Eerst en vooral zullen zij er zich op toeleggen, de eindeloze liefde van God voor het mensdom te doen uitschijnen : niet alleen heeft God ons leven en ons lichaam, onze eer en goeden naam beschermd door de twee voorgaande geboden : Gij zult niet doden, gij zult geen overspel bedrijven; Hij verdedigt en beschermt ook onze uiterlijke goederen, onze rijkdommen en bezittingen door dit gebod : Gij zult niet stelen.

Betekenis van dit gebod. #

Welke betekenis kunnen wij hechten aan die woorden, tenzij diegene die we uiteengezet hebben als we voor de voorgaande geboden handelden, namelijk dat God verbiedt onze bezittingen, die onder zijn bescherming staan, te ontroven of te schenden. Hoe groter de weldaad is van de goddelijke wet, des te meer zijn wij verplicht ons dankbaar te betonen tegenover God, de Gever van die weldaad. En we kunnen niet beter onze dankbaarheid betonen dan met de geboden gaarne te aanhoren en ze ook te onderhouden ; daarom moeten we de gelovigen opwekken en aanmoedigen om hun plicht te vervullen met dit gebod na te leven.

Evenals de voorgaande, is ook dit gebod in twee delen verdeeld: het eerste, dat uitdrukkelijk vermeld is, verbiedt te stelen ; het tweede, dat onder verstaan is in het eerste, gebiedt ons liefdadig en mild te zijn voor de naaste. Eerst behandelen we het eerste deel : Gij zult niet stelen.

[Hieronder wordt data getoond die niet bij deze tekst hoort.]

lemma approximate_infdist_seq:
  assumes "\<And>k. C k \<noteq> {}"
  obtains xs where "\<And>k. xs k \<in> C k" "(\<lambda>k. dist x (xs k) - infdist x (C k)) \<longlonglongrightarrow> 0"
proof -
  have "\<forall>k. \<exists>a. a \<in> C k \<and> dist x a < infdist x (C k) + inverse (real (Suc k))"
  proof
    fix k
    have "infdist x (C k) < infdist x (C k) + inverse (real (Suc k))"
      by simp
    then show "\<exists>a. a \<in> C k \<and> dist x a < infdist x (C k) + inverse (real (Suc k))"
      using infdist_less_imp_dist_less[OF assms] by blast
  qed
  from choice[OF this] obtain xs
    where xs: "\<forall>k. xs k \<in> C k \<and> dist x (xs k) < infdist x (C k) + inverse (real (Suc k))" ..
  have "(\<lambda>k. dist x (xs k) - infdist x (C k)) \<longlonglongrightarrow> 0"
  proof (rule tendsto_sandwich)
    show "\<forall>\<^sub>F k in sequentially. 0 \<le> dist x (xs k) - infdist x (C k)"
      using xs by (simp add: infdist_le)
    show "\<forall>\<^sub>F k in sequentially. dist x (xs k) - infdist x (C k) \<le> inverse (real (Suc k))"
      using xs by (simp add: less_imp_le algebra_simps)
  qed (simp_all add: LIMSEQ_inverse_real_of_nat del: of_nat_Suc)
  with xs that show thesis by blast
qed

lemma parallelogram_law:
  fixes x a b :: "'a::real_inner"
  shows "(norm (a - b))\<^sup>2 = 2 * (norm (x - a))\<^sup>2 + 2 * (norm (x - b))\<^sup>2 - 4 * (norm (x - midpoint a b))\<^sup>2"
  unfolding power2_norm_eq_inner midpoint_def
  by (simp add: inner_commute algebra_simps)
lemma integrable_indicator_mult_bounded:
  fixes q :: "'a \<Rightarrow> real"
  assumes "finite_measure M" "A \<in> sets M" "q \<in> borel_measurable M"
    and "\<And>\<omega>. \<omega> \<in> space M \<Longrightarrow> 0 \<le> q \<omega> \<and> q \<omega> \<le> 1"
  shows "integrable M (\<lambda>\<omega>. indicator A \<omega> * q \<omega>)"
proof -
  interpret finite_measure M by fact
  show ?thesis
    by (rule integrable_const_bound[where B=1]) (use assms in \<open>auto simp: indicator_def\<close>)
qed

lemma is_cond_prob_compl:
  assumes M: "finite_measure M" and H: "subalgebra M H" and S: "S \<in> sets M"
    and q: "q \<in> borel_measurable M" "\<And>\<omega>. \<omega> \<in> space M \<Longrightarrow> 0 \<le> q \<omega> \<and> q \<omega> \<le> 1"
    and cond: "is_cond_prob M H S q"
  shows "is_cond_prob M H (space M - S) (\<lambda>\<omega>. 1 - q \<omega>)"
  unfolding is_cond_prob_def
proof
  interpret finite_measure M by fact
  fix A assume A: "A \<in> sets H"
  then have AM: "A \<in> sets M" using H by (auto simp: subalgebra_def)
  have "A \<inter> (space M - S) = A - A \<inter> S" using sets.sets_into_space[OF AM] by blast
  then have "measure M (A \<inter> (space M - S)) = measure M A - measure M (A \<inter> S)"
    using AM S by (simp add: finite_measure_Diff)
  also have "\<dots> = (\<integral>\<omega>. indicator A \<omega> \<partial>M) - (\<integral>\<omega>. indicator A \<omega> * q \<omega> \<partial>M)"
    using cond A AM by (simp add: is_cond_prob_def)
  also have "\<dots> = (\<integral>\<omega>. indicator A \<omega> - indicator A \<omega> * q \<omega> \<partial>M)"
    using integrable_indicator_mult_bounded[OF M AM q] AM
    by (subst Bochner_Integration.integral_diff) (auto simp: emeasure_eq_measure)
  also have "\<dots> = (\<integral>\<omega>. indicator A \<omega> * (1 - q \<omega>) \<partial>M)"
    by (simp add: algebra_simps)
  finally show "measure M (A \<inter> (space M - S)) = (\<integral>\<omega>. indicator A \<omega> * (1 - q \<omega>) \<partial>M)" .
qed
(* Let $0<\varepsilon<2/9$ and let $\mathbf{U}$ be the $7\times 7$ matrix $$\mathbf{U}=\begin{pmatrix} 0 & -1 & \varepsilon & -10 & -\tfrac13+\varepsilon & -\tfrac13+\varepsilon & -\tfrac13+\varepsilon\\ \varepsilon & 0 & -1 & -10 & -\tfrac13+\varepsilon & -\tfrac13+\varepsilon & -\tfrac13+\varepsilon\\ -1 & \varepsilon & 0 & -10 & -\tfrac13+\varepsilon & -\tfrac13+\varepsilon & -\tfrac13+\varepsilon\\ -2 & -2 & 2 & 0 & -\tfrac13 & -\tfrac13 & -\tfrac13\\ -\tfrac13 & -\tfrac13 & -\tfrac13 & 10 & 0 & -1 & \varepsilon\\ -\tfrac13 & -\tfrac13 & -\tfrac13 & 10 & \varepsilon & 0 & -1\\ -\tfrac13 & -\tfrac13 & -\tfrac13 & 10 & -1 & \varepsilon & 0 \end{pmatrix}.$$ Let $\mathbf{x}(\cdot)$ be a solution of the best-reply dynamics in the game with payoff matrix $\mathbf{U}$ such that neither $x_1(0)=x_2(0)=x_3(0)$ nor $x_5(0)=x_6(0)=x_7(0)$. Then there exists a time $T>0$ such that none of the pure strategies $1,2,3$ is a best reply to $\mathbf{x}(T)$, i.e. $(\mathbf{U}\mathbf{x}(T))_i<\max_{1\le j\le 7}(\mathbf{U}\mathbf{x}(T))_j$ for $i=1,2,3$.
   Context: $S_7=\{\mathbf{x}\in\mathbb{R}_+^7:\sum_i x_i=1\}$. The best-reply dynamics is the differential inclusion $\dot{\mathbf{x}}\in BR(\mathbf{x})-\mathbf{x}$, $BR(\mathbf{x})=\{\mathbf{y}\in S_7:\mathbf{y}\cdot\mathbf{U}\mathbf{x}=\max_{\mathbf{z}\in S_7}\mathbf{z}\cdot\mathbf{U}\mathbf{x}\}$; a solution is an absolutely continuous $\mathbf{x}:\mathbb{R}_+\to S_7$ satisfying it for almost every $t$. *)

theory Defs
  imports "HOL-Analysis.Analysis" "HOL-Library.Numeral_Type"
begin

text \<open>Strategies 1..7 are the components 1,...,7 of a vector of type real^7
  (the index numeral 7 of the type 7 is the seventh coordinate).\<close>

definition simplex7 :: "(real^7) set" where
  "simplex7 = {x. (\<forall>i. 0 \<le> x $ i) \<and> (\<Sum>i\<in>UNIV. x $ i) = 1}"

definition BR :: "real^7^7 \<Rightarrow> real^7 \<Rightarrow> (real^7) set" where
  "BR U x = {y \<in> simplex7. \<forall>z \<in> simplex7. z \<bullet> (U *v x) \<le> y \<bullet> (U *v x)}"

definition abs_cont_on :: "(real \<Rightarrow> 'a::real_normed_vector) \<Rightarrow> real \<Rightarrow> real \<Rightarrow> bool" where
  "abs_cont_on f a b \<longleftrightarrow>
    (\<forall>e>0. \<exists>d>0. \<forall>(n::nat) (l::nat \<Rightarrow> real) (r::nat \<Rightarrow> real).
       (\<forall>k<n. a \<le> l k \<and> l k \<le> r k \<and> r k \<le> b) \<and>
       (\<forall>k<n. \<forall>j<n. k \<noteq> j \<longrightarrow> r k \<le> l j \<or> r j \<le> l k) \<and>
       (\<Sum>k<n. r k - l k) < d
       \<longrightarrow> (\<Sum>k<n. norm (f (r k) - f (l k))) < e)"

definition BR_solution :: "real^7^7 \<Rightarrow> (real \<Rightarrow> real^7) \<Rightarrow> bool" where
  "BR_solution U x \<longleftrightarrow>
     (\<forall>t\<ge>0. x t \<in> simplex7) \<and>
     (\<forall>T\<ge>0. abs_cont_on x 0 T) \<and>
     (AE t in lborel. t \<ge> 0 \<longrightarrow>
        (\<exists>v. (x has_vector_derivative v) (at t within {0..}) \<and> v \<in> (\<lambda>y. y - x t) ` BR U (x t)))"

definition Umat :: "real \<Rightarrow> real^7^7" where
  "Umat e = vector [
     vector [0, -1, e, -10, -1/3+e, -1/3+e, -1/3+e],
     vector [e, 0, -1, -10, -1/3+e, -1/3+e, -1/3+e],
     vector [-1, e, 0, -10, -1/3+e, -1/3+e, -1/3+e],
     vector [-2, -2, 2, 0, -1/3, -1/3, -1/3],
     vector [-1/3, -1/3, -1/3, 10, 0, -1, e],
     vector [-1/3, -1/3, -1/3, 10, e, 0, -1],
     vector [-1/3, -1/3, -1/3, 10, -1, e, 0]]"

end

theory Submission
  imports Defs
begin

text \<open>Suppose that one of the strategies 1, 2, 3 is a best reply at every positive time. Along the
  best-reply dynamics the rescaled frequencies \<open>z\<^sub>i(t) = e\<^sup>t x\<^sub>i(t)\<close> never decrease, and
  \<open>z\<^sub>i\<close> stays constant while \<open>i\<close> is not a best reply. Inside each of the blocks {1,2,3} and
  {5,6,7} the strategies play rock--paper--scissors against each other, the rest of their payoffs
  being common to the block. The largest rock--paper--scissors payoff \<open>W\<close> of a block never
  decreases: the Lyapunov function \<open>W - (e - 1)/3 S\<close>, with \<open>S\<close> the rescaled mass of the block,
  never decreases and is positive at time 0 by the non-degeneracy hypotheses, so the three payoffs
  never tie. Comparing with the block {5,6,7} shows that the mass \<open>S\<close> of {1,2,3} grows like
  \<open>e\<^sup>t\<close>, hence each of 1, 2, 3 is a best reply at arbitrarily late times. At the last time
  strategy 3 is a best reply before strategy 1 next becomes one, the payoff comparisons with
  strategies 1 and 4 and with the block {5,6,7} give linear constraints bounding
  \<open>z\<^sub>1 + z\<^sub>2 + z\<^sub>3\<close> by a constant, which contradicts its growth.\<close>

section \<open>Absolute continuity and Dini derivatives\<close>

lemma abs_cont_onE:
  assumes "abs_cont_on f a b" "\<epsilon> > 0"
  obtains \<delta> where "\<delta> > 0"
    "\<And>(n::nat) (l::nat \<Rightarrow> real) r. \<forall>k<n. a \<le> l k \<and> l k \<le> r k \<and> r k \<le> b \<Longrightarrow>
       \<forall>k<n. \<forall>j<n. k \<noteq> j \<longrightarrow> r k \<le> l j \<or> r j \<le> l k \<Longrightarrow> (\<Sum>k<n. r k - l k) < \<delta> \<Longrightarrow>
       (\<Sum>k<n. norm (f (r k) - f (l k))) < \<epsilon>"
proof -
  obtain \<delta> where "\<delta> > 0" and small: "\<forall>(n::nat) (l::nat \<Rightarrow> real) r. (\<forall>k<n. a \<le> l k \<and> l k \<le> r k \<and> r k \<le> b) \<and>
       (\<forall>k<n. \<forall>j<n. k \<noteq> j \<longrightarrow> r k \<le> l j \<or> r j \<le> l k) \<and> (\<Sum>k<n. r k - l k) < \<delta>
       \<longrightarrow> (\<Sum>k<n. norm (f (r k) - f (l k))) < \<epsilon>"
    using assms unfolding abs_cont_on_def by blast
  show thesis
    by (rule that[OF \<open>\<delta> > 0\<close>]) (use small in blast)
qed

lemma abs_cont_on_imp_continuous_on:
  fixes f :: "real \<Rightarrow> 'a::real_normed_vector"
  assumes "abs_cont_on f a b"
  shows "continuous_on {a..b} f"
  unfolding continuous_on_iff
proof (intro ballI allI impI)
  fix t \<epsilon> :: real assume t: "t \<in> {a..b}" and \<epsilon>: "0 < \<epsilon>"
  obtain \<delta> where \<delta>: "\<delta> > 0" and small: "\<And>(n::nat) (l::nat \<Rightarrow> real) r. \<forall>k<n. a \<le> l k \<and> l k \<le> r k \<and> r k \<le> b \<Longrightarrow>
       \<forall>k<n. \<forall>j<n. k \<noteq> j \<longrightarrow> r k \<le> l j \<or> r j \<le> l k \<Longrightarrow> (\<Sum>k<n. r k - l k) < \<delta> \<Longrightarrow>
       (\<Sum>k<n. norm (f (r k) - f (l k))) < \<epsilon>"
    by (rule abs_cont_onE[OF assms \<epsilon>]) (rule that)
  show "\<exists>\<delta>>0. \<forall>s\<in>{a..b}. dist s t < \<delta> \<longrightarrow> dist (f s) (f t) < \<epsilon>"
  proof (intro exI[of _ \<delta>] conjI ballI impI \<delta>)
    fix s assume s: "s \<in> {a..b}" "dist s t < \<delta>"
    have "norm (f (max s t) - f (min s t)) < \<epsilon>"
      using small[of 1 "\<lambda>_. min s t" "\<lambda>_. max s t"] s t by (auto simp: dist_real_def)
    then show "dist (f s) (f t) < \<epsilon>"
      by (cases "s \<le> t") (simp_all add: dist_norm norm_minus_commute max_def min_def)
  qed
qed

lemma abs_cont_on_subinterval:
  assumes "abs_cont_on f a b" "a \<le> c" "d \<le> b"
  shows "abs_cont_on f c d"
  unfolding abs_cont_on_def
proof (intro allI impI)
  fix \<epsilon> :: real assume "\<epsilon> > 0"
  then obtain \<delta> where "\<delta> > 0" and small: "\<And>(n::nat) (l::nat \<Rightarrow> real) r. \<forall>k<n. a \<le> l k \<and> l k \<le> r k \<and> r k \<le> b \<Longrightarrow>
       \<forall>k<n. \<forall>j<n. k \<noteq> j \<longrightarrow> r k \<le> l j \<or> r j \<le> l k \<Longrightarrow> (\<Sum>k<n. r k - l k) < \<delta> \<Longrightarrow>
       (\<Sum>k<n. norm (f (r k) - f (l k))) < \<epsilon>"
    by (rule abs_cont_onE[OF assms(1)]) (rule that)
  show "\<exists>\<delta>>0. \<forall>(n::nat) (l::nat \<Rightarrow> real) r. (\<forall>k<n. c \<le> l k \<and> l k \<le> r k \<and> r k \<le> d) \<and>
       (\<forall>k<n. \<forall>j<n. k \<noteq> j \<longrightarrow> r k \<le> l j \<or> r j \<le> l k) \<and> (\<Sum>k<n. r k - l k) < \<delta>
       \<longrightarrow> (\<Sum>k<n. norm (f (r k) - f (l k))) < \<epsilon>"
  proof (intro exI[of _ \<delta>] conjI allI impI \<open>\<delta> > 0\<close>)
    fix n :: nat and l r :: "nat \<Rightarrow> real"
    assume A: "(\<forall>k<n. c \<le> l k \<and> l k \<le> r k \<and> r k \<le> d) \<and>
       (\<forall>k<n. \<forall>j<n. k \<noteq> j \<longrightarrow> r k \<le> l j \<or> r j \<le> l k) \<and> (\<Sum>k<n. r k - l k) < \<delta>"
    with assms(2,3) have "\<forall>k<n. a \<le> l k \<and> l k \<le> r k \<and> r k \<le> b" by force
    with A show "(\<Sum>k<n. norm (f (r k) - f (l k))) < \<epsilon>" by (intro small) auto
  qed
qed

Wat betekent het woord stelen ? #

Eerst moet men bemerken dat het woord stelen niet alleen betekent heimelijk iets wegnemen tegen de wil van de eigenaar, maar ook iets behouden dat aan een ander toebehoort, met kennis van de eigenaar doch tegen zijn wil. Men mag immers niet veronderstellen dat God, die de diefstal verbiedt, de roof, die met geweld en belediging begaan wordt, niet zou afkeuren; de Apostel zegt ook : “Roovers zullen het rijk van God niet bezitten„ 2, en voegt er bij dat we allen omgang en gemeenschap met hen moeten vluchten. De roof is een grotere zonde dan de diefstal, omdat men daardoor niet alleen iets ontvreemdt, maar daarbij ook de eigenaar geweld aandoet en hem beledigt.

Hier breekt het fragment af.